lemma ex_pairwise_unrelated_choice:
  assumes "finite S" "\<And>s. s \<in> S \<Longrightarrow> uncountable (B s)" "symp R"
    and "\<And>F. finite F \<Longrightarrow> countable {y. \<exists>x\<in>F. R x y}"
  shows "\<exists>f. (\<forall>s\<in>S. f s \<in> B s) \<and> inj_on f S \<and> (\<forall>s\<in>S. \<forall>s'\<in>S. s \<noteq> s' \<longrightarrow> \<not> R (f s) (f s'))"
  using assms(1,2)
proof (induction S rule: finite_induct)
  case (insert s S)
  then obtain f where f: "\<forall>s\<in>S. f s \<in> B s" "inj_on f S"
    "\<forall>s\<in>S. \<forall>s'\<in>S. s \<noteq> s' \<longrightarrow> \<not> R (f s) (f s')" by auto
  have "countable ({y. \<exists>x\<in>f ` S. R x y} \<union> f ` S)"
    using assms(4)[of "f ` S"] insert.hyps(1) by (simp add: countable_finite)
  moreover have "uncountable (B s)" using insert.prems by simp
  ultimately have "\<not> B s \<subseteq> {y. \<exists>x\<in>f ` S. R x y} \<union> f ` S"
    using countable_subset by blast
  then obtain y where y: "y \<in> B s" "y \<notin> f ` S" "\<And>s'. s' \<in> S \<Longrightarrow> \<not> R (f s') y"
    by blast
  have "\<not> R y (f s')" if "s' \<in> S" for s'
    using y(3)[OF that] \<open>symp R\<close> by (blast dest: sympD)
  define f' where "f' = f(s := y)"
  have f'_S: "f' s' = f s'" if "s' \<in> S" for s' using that insert.hyps(2) by (auto simp: f'_def)
  have f'_s: "f' s = y" by (simp add: f'_def)
  have "\<forall>s'\<in>insert s S. f' s' \<in> B s'" using f(1) y(1) f'_S f'_s by simp
  moreover have "inj_on f' (insert s S)"
  proof -
    have "inj_on f' S" using f(2) by (simp only: inj_on_cong[of S f' f, OF f'_S])
    moreover have "f' ` S = f ` S" using f'_S by (rule image_cong[OF refl])
    ultimately show ?thesis using y(2) f'_s insert.hyps(2) by simp
  qed
  moreover have "\<not> R (f' s1) (f' s2)" if "s1 \<in> insert s S" "s2 \<in> insert s S" "s1 \<noteq> s2" for s1 s2
    using that f(3) y(3) \<open>\<And>s'. s' \<in> S \<Longrightarrow> \<not> R y (f s')\<close> f'_S f'_s by (cases "s1 = s"; cases "s2 = s") auto
  ultimately show ?case by blast
qed simp

lemma sum_apply_disjoint_support:
  assumes "finite S" "s \<in> S" "\<And>s'. s' \<in> S \<Longrightarrow> s' \<noteq> s \<Longrightarrow> g s' y = 0"
  shows "(\<Sum>s'\<in>S. g s' y) = (g s y :: real)"
  by (subst sum.mono_neutral_right[OF assms(1), of "{s}"]) (use assms in auto)

lemma wnorm_p_sum_disjoint_support_ge:
  assumes "finite S" "0 < t"
    and disjoint: "\<And>s s' y. s \<in> S \<Longrightarrow> s' \<in> S \<Longrightarrow> s \<noteq> s' \<Longrightarrow> g s y = 0 \<or> g s' y = 0"
  shows "ennreal (t powr p) * (\<Sum>s\<in>S. wmu w {y. t < \<bar>g s y\<bar>}) \<le> wnorm_p p w (\<lambda>y. \<Sum>s\<in>S. g s y)"
proof -
  have "(\<Sum>s\<in>S. wmu w {y. t < \<bar>g s y\<bar>}) = wmu w (\<Union>s\<in>S. {y. t < \<bar>g s y\<bar>})"
  proof (intro wmu_UN_disjoint[symmetric] \<open>finite S\<close> equals0I)
    fix s s' y assume "s \<in> S" "s' \<in> S" "s \<noteq> s'" "y \<in> {y. t < \<bar>g s y\<bar>} \<inter> {y. t < \<bar>g s' y\<bar>}"
    thus False using disjoint[of s s' y] \<open>0 < t\<close> by auto
  qed
  also have "\<dots> \<le> wmu w {y. t < \<bar>\<Sum>s\<in>S. g s y\<bar>}"
  proof (intro wmu_mono subsetI)
    fix y assume "y \<in> (\<Union>s\<in>S. {y. t < \<bar>g s y\<bar>})"
    then obtain s where s: "s \<in> S" "t < \<bar>g s y\<bar>" by blast
    have "g s' y = 0" if "s' \<in> S" "s' \<noteq> s" for s'
      using disjoint[of s s' y] s that \<open>0 < t\<close> by auto
    hence "(\<Sum>s'\<in>S. g s' y) = g s y" using assms(1) s(1) by (rule sum_apply_disjoint_support[rotated 2])
    thus "y \<in> {y. t < \<bar>\<Sum>s\<in>S. g s y\<bar>}" using s by simp
  qed
  finally have "ennreal (t powr p) * (\<Sum>s\<in>S. wmu w {y. t < \<bar>g s y\<bar>})
      \<le> ennreal (t powr p) * wmu w {y. t < \<bar>\<Sum>s\<in>S. g s y\<bar>}" by (rule mult_left_mono) simp
  also have "\<dots> \<le> wnorm_p p w (\<lambda>y. \<Sum>s\<in>S. g s y)" by (rule wnorm_p_ge[OF \<open>0 < t\<close>])
  finally show ?thesis .
qed

lemma ex_nat_powr_gt:
  assumes "0 < q"
  shows "\<exists>N::nat. C < real N powr q"
proof -
  obtain N :: nat where "max 0 C powr (1 / q) < N" using reals_Archimedean2 by blast
  hence "(max 0 C powr (1 / q)) powr q < real N powr q" using assms by (intro powr_less_mono2) auto
  thus ?thesis using assms by (auto simp: powr_powr)
qed

lemma sum_power_le_twice_power:
  fixes r :: real
  assumes "2 \<le> r" "D \<subseteq> {..n}"
  shows "(\<Sum>d\<in>D. r ^ d) \<le> 2 * r ^ n"
proof -
  have "(\<Sum>d\<le>n. r ^ d) \<le> 2 * r ^ n" for n
  proof (induction n)
    case (Suc n)
    moreover have "2 * r ^ n \<le> r * r ^ n" using assms(1) by (intro mult_right_mono) auto
    ultimately show ?case by simp
  qed simp
  moreover have "(\<Sum>d\<in>D. r ^ d) \<le> (\<Sum>d\<le>n. r ^ d)"
    using assms by (intro sum_mono2) auto
  ultimately show ?thesis by (meson order_trans)
qed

-.-.-

◆ Required work
Write down again, exactly as given, only the lines above that fall from the line with "fix s s' y assume" to the line with "(rule sum_apply_disjoint_support[rotated 2])", inclusive.

◆ Problem solution
    fix s s' y assume "s \<in> S" "s' \<in> S" "s \<noteq> s'" "y \<in> {y. t < \<bar>g s y\<bar>} \<inter> {y. t < \<bar>g s' y\<bar>}"
    thus False using disjoint[of s s' y] \<open>0 < t\<close> by auto
  qed
  also have "\<dots> \<le> wmu w {y. t < \<bar>\<Sum>s\<in>S. g s y\<bar>}"
  proof (intro wmu_mono subsetI)
    fix y assume "y \<in> (\<Union>s\<in>S. {y. t < \<bar>g s y\<bar>})"
    then obtain s where s: "s \<in> S" "t < \<bar>g s y\<bar>" by blast
    have "g s' y = 0" if "s' \<in> S" "s' \<noteq> s" for s'
      using disjoint[of s s' y] s that \<open>0 < t\<close> by auto
    hence "(\<Sum>s'\<in>S. g s' y) = g s y" using assms(1) s(1) by (rule sum_apply_disjoint_support[rotated 2])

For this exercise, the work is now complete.